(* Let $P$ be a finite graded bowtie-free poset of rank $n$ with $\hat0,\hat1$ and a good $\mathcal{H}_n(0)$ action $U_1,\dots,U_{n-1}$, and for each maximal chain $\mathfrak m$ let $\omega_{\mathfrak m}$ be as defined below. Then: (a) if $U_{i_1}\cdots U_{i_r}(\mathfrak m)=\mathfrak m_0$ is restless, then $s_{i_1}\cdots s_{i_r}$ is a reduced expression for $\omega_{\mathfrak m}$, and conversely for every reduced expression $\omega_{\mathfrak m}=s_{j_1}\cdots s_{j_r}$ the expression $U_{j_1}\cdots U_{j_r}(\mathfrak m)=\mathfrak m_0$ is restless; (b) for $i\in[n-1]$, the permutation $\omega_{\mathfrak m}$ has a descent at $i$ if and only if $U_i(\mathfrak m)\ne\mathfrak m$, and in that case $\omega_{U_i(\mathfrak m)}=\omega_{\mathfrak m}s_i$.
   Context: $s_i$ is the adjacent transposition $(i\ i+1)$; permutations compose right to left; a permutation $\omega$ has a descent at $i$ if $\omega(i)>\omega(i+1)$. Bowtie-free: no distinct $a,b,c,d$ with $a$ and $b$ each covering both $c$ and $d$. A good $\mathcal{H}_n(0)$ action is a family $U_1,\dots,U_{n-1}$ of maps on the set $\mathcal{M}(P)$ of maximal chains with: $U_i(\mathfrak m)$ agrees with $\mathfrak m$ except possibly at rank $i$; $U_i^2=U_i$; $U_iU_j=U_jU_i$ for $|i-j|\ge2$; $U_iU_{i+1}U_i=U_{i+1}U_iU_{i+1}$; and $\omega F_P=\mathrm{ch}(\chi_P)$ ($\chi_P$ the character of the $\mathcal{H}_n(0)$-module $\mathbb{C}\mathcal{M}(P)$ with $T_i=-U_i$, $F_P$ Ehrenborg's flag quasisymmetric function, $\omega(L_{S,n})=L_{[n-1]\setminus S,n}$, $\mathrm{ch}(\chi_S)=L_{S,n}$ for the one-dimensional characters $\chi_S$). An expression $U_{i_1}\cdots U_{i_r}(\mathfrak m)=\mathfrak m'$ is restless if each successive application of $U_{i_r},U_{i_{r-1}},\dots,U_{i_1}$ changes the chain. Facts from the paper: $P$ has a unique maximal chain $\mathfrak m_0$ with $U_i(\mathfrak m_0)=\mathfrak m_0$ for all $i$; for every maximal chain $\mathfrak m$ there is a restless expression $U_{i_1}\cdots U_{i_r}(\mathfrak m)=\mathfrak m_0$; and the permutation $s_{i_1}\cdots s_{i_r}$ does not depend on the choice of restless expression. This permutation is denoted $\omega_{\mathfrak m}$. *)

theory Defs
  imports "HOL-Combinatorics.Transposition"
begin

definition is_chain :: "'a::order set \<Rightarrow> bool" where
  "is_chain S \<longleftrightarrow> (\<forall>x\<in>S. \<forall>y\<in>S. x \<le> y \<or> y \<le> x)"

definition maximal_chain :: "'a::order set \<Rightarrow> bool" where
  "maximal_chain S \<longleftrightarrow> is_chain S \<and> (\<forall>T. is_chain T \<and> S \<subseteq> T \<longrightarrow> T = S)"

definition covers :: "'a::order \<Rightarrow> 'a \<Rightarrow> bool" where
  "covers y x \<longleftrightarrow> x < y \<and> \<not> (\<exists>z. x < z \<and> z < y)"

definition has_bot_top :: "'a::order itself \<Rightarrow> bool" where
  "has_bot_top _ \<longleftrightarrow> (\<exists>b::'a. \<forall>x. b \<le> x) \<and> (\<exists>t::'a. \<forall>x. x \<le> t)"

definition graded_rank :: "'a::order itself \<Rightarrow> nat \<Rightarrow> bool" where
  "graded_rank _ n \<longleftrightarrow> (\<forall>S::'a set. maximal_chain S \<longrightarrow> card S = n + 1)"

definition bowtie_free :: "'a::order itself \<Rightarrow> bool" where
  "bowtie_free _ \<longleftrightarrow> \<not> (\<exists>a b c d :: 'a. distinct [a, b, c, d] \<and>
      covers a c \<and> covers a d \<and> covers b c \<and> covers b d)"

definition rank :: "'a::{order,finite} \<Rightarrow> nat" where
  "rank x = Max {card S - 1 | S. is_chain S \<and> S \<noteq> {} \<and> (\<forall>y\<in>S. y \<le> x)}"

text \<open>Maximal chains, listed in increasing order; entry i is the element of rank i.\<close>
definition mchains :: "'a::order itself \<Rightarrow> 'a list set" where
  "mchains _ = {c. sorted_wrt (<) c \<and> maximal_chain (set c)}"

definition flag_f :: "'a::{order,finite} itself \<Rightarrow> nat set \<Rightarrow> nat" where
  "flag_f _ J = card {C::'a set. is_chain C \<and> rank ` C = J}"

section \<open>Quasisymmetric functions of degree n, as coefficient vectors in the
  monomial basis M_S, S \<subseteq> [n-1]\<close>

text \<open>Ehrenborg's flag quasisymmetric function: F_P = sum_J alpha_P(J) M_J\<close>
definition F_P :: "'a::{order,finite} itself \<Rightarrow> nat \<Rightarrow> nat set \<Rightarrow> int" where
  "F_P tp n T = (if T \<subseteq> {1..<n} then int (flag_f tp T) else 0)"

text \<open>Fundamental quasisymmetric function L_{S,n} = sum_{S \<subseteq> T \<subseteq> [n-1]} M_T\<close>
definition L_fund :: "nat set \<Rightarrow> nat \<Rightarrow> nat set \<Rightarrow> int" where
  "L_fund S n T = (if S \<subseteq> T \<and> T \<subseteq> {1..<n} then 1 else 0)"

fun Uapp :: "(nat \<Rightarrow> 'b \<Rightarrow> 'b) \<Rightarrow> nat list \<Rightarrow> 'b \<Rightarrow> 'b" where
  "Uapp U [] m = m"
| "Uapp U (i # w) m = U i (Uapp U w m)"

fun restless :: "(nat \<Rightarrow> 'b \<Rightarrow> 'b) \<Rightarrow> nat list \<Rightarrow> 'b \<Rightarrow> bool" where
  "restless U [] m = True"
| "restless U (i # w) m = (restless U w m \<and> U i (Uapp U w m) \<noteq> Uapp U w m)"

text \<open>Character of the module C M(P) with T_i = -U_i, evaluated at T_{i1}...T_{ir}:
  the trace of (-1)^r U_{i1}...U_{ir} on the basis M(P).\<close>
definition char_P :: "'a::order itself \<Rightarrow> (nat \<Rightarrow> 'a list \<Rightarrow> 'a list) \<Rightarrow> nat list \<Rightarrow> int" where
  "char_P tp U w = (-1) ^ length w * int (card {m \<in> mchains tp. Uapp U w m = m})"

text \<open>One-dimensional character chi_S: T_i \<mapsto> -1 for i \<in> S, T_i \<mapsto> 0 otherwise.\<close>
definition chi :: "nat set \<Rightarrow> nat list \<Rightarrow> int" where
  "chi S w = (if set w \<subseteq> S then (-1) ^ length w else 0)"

### WHAT THE TASK REQUIRES
In full and without alteration, output the listing.

### WRITTEN ANSWER
(* Let $P$ be a finite graded bowtie-free poset of rank $n$ with $\hat0,\hat1$ and a good $\mathcal{H}_n(0)$ action $U_1,\dots,U_{n-1}$, and for each maximal chain $\mathfrak m$ let $\omega_{\mathfrak m}$ be as defined below. Then: (a) if $U_{i_1}\cdots U_{i_r}(\mathfrak m)=\mathfrak m_0$ is restless, then $s_{i_1}\cdots s_{i_r}$ is a reduced expression for $\omega_{\mathfrak m}$, and conversely for every reduced expression $\omega_{\mathfrak m}=s_{j_1}\cdots s_{j_r}$ the expression $U_{j_1}\cdots U_{j_r}(\mathfrak m)=\mathfrak m_0$ is restless; (b) for $i\in[n-1]$, the permutation $\omega_{\mathfrak m}$ has a descent at $i$ if and only if $U_i(\mathfrak m)\ne\mathfrak m$, and in that case $\omega_{U_i(\mathfrak m)}=\omega_{\mathfrak m}s_i$.
   Context: $s_i$ is the adjacent transposition $(i\ i+1)$; permutations compose right to left; a permutation $\omega$ has a descent at $i$ if $\omega(i)>\omega(i+1)$. Bowtie-free: no distinct $a,b,c,d$ with $a$ and $b$ each covering both $c$ and $d$. A good $\mathcal{H}_n(0)$ action is a family $U_1,\dots,U_{n-1}$ of maps on the set $\mathcal{M}(P)$ of maximal chains with: $U_i(\mathfrak m)$ agrees with $\mathfrak m$ except possibly at rank $i$; $U_i^2=U_i$; $U_iU_j=U_jU_i$ for $|i-j|\ge2$; $U_iU_{i+1}U_i=U_{i+1}U_iU_{i+1}$; and $\omega F_P=\mathrm{ch}(\chi_P)$ ($\chi_P$ the character of the $\mathcal{H}_n(0)$-module $\mathbb{C}\mathcal{M}(P)$ with $T_i=-U_i$, $F_P$ Ehrenborg's flag quasisymmetric function, $\omega(L_{S,n})=L_{[n-1]\setminus S,n}$, $\mathrm{ch}(\chi_S)=L_{S,n}$ for the one-dimensional characters $\chi_S$). An expression $U_{i_1}\cdots U_{i_r}(\mathfrak m)=\mathfrak m'$ is restless if each successive application of $U_{i_r},U_{i_{r-1}},\dots,U_{i_1}$ changes the chain. Facts from the paper: $P$ has a unique maximal chain $\mathfrak m_0$ with $U_i(\mathfrak m_0)=\mathfrak m_0$ for all $i$; for every maximal chain $\mathfrak m$ there is a restless expression $U_{i_1}\cdots U_{i_r}(\mathfrak m)=\mathfrak m_0$; and the permutation $s_{i_1}\cdots s_{i_r}$ does not depend on the choice of restless expression. This permutation is denoted $\omega_{\mathfrak m}$. *)

theory Defs
  imports "HOL-Combinatorics.Transposition"
begin

definition is_chain :: "'a::order set \<Rightarrow> bool" where
  "is_chain S \<longleftrightarrow> (\<forall>x\<in>S. \<forall>y\<in>S. x \<le> y \<or> y \<le> x)"

definition maximal_chain :: "'a::order set \<Rightarrow> bool" where
  "maximal_chain S \<longleftrightarrow> is_chain S \<and> (\<forall>T. is_chain T \<and> S \<subseteq> T \<longrightarrow> T = S)"

definition covers :: "'a::order \<Rightarrow> 'a \<Rightarrow> bool" where
  "covers y x \<longleftrightarrow> x < y \<and> \<not> (\<exists>z. x < z \<and> z < y)"

definition has_bot_top :: "'a::order itself \<Rightarrow> bool" where
  "has_bot_top _ \<longleftrightarrow> (\<exists>b::'a. \<forall>x. b \<le> x) \<and> (\<exists>t::'a. \<forall>x. x \<le> t)"

definition graded_rank :: "'a::order itself \<Rightarrow> nat \<Rightarrow> bool" where
  "graded_rank _ n \<longleftrightarrow> (\<forall>S::'a set. maximal_chain S \<longrightarrow> card S = n + 1)"

definition bowtie_free :: "'a::order itself \<Rightarrow> bool" where
  "bowtie_free _ \<longleftrightarrow> \<not> (\<exists>a b c d :: 'a. distinct [a, b, c, d] \<and>
      covers a c \<and> covers a d \<and> covers b c \<and> covers b d)"

definition rank :: "'a::{order,finite} \<Rightarrow> nat" where
  "rank x = Max {card S - 1 | S. is_chain S \<and> S \<noteq> {} \<and> (\<forall>y\<in>S. y \<le> x)}"

text \<open>Maximal chains, listed in increasing order; entry i is the element of rank i.\<close>
definition mchains :: "'a::order itself \<Rightarrow> 'a list set" where
  "mchains _ = {c. sorted_wrt (<) c \<and> maximal_chain (set c)}"

definition flag_f :: "'a::{order,finite} itself \<Rightarrow> nat set \<Rightarrow> nat" where
  "flag_f _ J = card {C::'a set. is_chain C \<and> rank ` C = J}"

section \<open>Quasisymmetric functions of degree n, as coefficient vectors in the
  monomial basis M_S, S \<subseteq> [n-1]\<close>

text \<open>Ehrenborg's flag quasisymmetric function: F_P = sum_J alpha_P(J) M_J\<close>
definition F_P :: "'a::{order,finite} itself \<Rightarrow> nat \<Rightarrow> nat set \<Rightarrow> int" where
  "F_P tp n T = (if T \<subseteq> {1..<n} then int (flag_f tp T) else 0)"

text \<open>Fundamental quasisymmetric function L_{S,n} = sum_{S \<subseteq> T \<subseteq> [n-1]} M_T\<close>
definition L_fund :: "nat set \<Rightarrow> nat \<Rightarrow> nat set \<Rightarrow> int" where
  "L_fund S n T = (if S \<subseteq> T \<and> T \<subseteq> {1..<n} then 1 else 0)"

fun Uapp :: "(nat \<Rightarrow> 'b \<Rightarrow> 'b) \<Rightarrow> nat list \<Rightarrow> 'b \<Rightarrow> 'b" where
  "Uapp U [] m = m"
| "Uapp U (i # w) m = U i (Uapp U w m)"

fun restless :: "(nat \<Rightarrow> 'b \<Rightarrow> 'b) \<Rightarrow> nat list \<Rightarrow> 'b \<Rightarrow> bool" where
  "restless U [] m = True"
| "restless U (i # w) m = (restless U w m \<and> U i (Uapp U w m) \<noteq> Uapp U w m)"

text \<open>Character of the module C M(P) with T_i = -U_i, evaluated at T_{i1}...T_{ir}:
  the trace of (-1)^r U_{i1}...U_{ir} on the basis M(P).\<close>
definition char_P :: "'a::order itself \<Rightarrow> (nat \<Rightarrow> 'a list \<Rightarrow> 'a list) \<Rightarrow> nat list \<Rightarrow> int" where
  "char_P tp U w = (-1) ^ length w * int (card {m \<in> mchains tp. Uapp U w m = m})"

text \<open>One-dimensional character chi_S: T_i \<mapsto> -1 for i \<in> S, T_i \<mapsto> 0 otherwise.\<close>
definition chi :: "nat set \<Rightarrow> nat list \<Rightarrow> int" where
  "chi S w = (if set w \<subseteq> S then (-1) ^ length w else 0)"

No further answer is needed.